▸ DATA LISTING:

■ ■ ■

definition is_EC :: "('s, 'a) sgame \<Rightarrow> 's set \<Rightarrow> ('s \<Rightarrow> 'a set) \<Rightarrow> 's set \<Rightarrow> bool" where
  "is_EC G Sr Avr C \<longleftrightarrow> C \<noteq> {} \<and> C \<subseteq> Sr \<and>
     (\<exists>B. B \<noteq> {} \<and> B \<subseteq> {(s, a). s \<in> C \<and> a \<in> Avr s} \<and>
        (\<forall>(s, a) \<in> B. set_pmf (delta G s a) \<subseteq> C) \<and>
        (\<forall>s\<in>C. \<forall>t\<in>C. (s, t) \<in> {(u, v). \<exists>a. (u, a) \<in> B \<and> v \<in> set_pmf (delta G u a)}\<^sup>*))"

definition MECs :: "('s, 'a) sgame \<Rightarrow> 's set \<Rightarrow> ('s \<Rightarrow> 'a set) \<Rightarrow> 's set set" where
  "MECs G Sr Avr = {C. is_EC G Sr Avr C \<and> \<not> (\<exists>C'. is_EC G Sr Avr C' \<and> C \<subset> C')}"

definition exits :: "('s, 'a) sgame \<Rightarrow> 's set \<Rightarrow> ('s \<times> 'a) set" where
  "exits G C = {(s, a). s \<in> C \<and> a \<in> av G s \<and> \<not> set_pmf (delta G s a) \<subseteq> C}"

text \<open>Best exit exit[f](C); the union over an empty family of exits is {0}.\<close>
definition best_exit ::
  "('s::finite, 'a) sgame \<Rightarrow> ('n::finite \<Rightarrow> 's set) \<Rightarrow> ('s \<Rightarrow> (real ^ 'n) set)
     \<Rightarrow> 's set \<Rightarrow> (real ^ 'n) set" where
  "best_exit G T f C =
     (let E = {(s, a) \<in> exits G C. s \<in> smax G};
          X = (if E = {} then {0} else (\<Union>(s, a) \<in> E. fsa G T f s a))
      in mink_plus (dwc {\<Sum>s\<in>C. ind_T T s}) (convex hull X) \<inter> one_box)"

■ ■ ■

▸ INSTRUCTIONS TO FOLLOW: Pull together all lines from the data that mention the word "MECs".

▸ EXERCISE SOLUTION:
definition MECs :: "('s, 'a) sgame \<Rightarrow> 's set \<Rightarrow> ('s \<Rightarrow> 'a set) \<Rightarrow> 's set set" where
  "MECs G Sr Avr = {C. is_EC G Sr Avr C \<and> \<not> (\<exists>C'. is_EC G Sr Avr C' \<and> C \<subset> C')}"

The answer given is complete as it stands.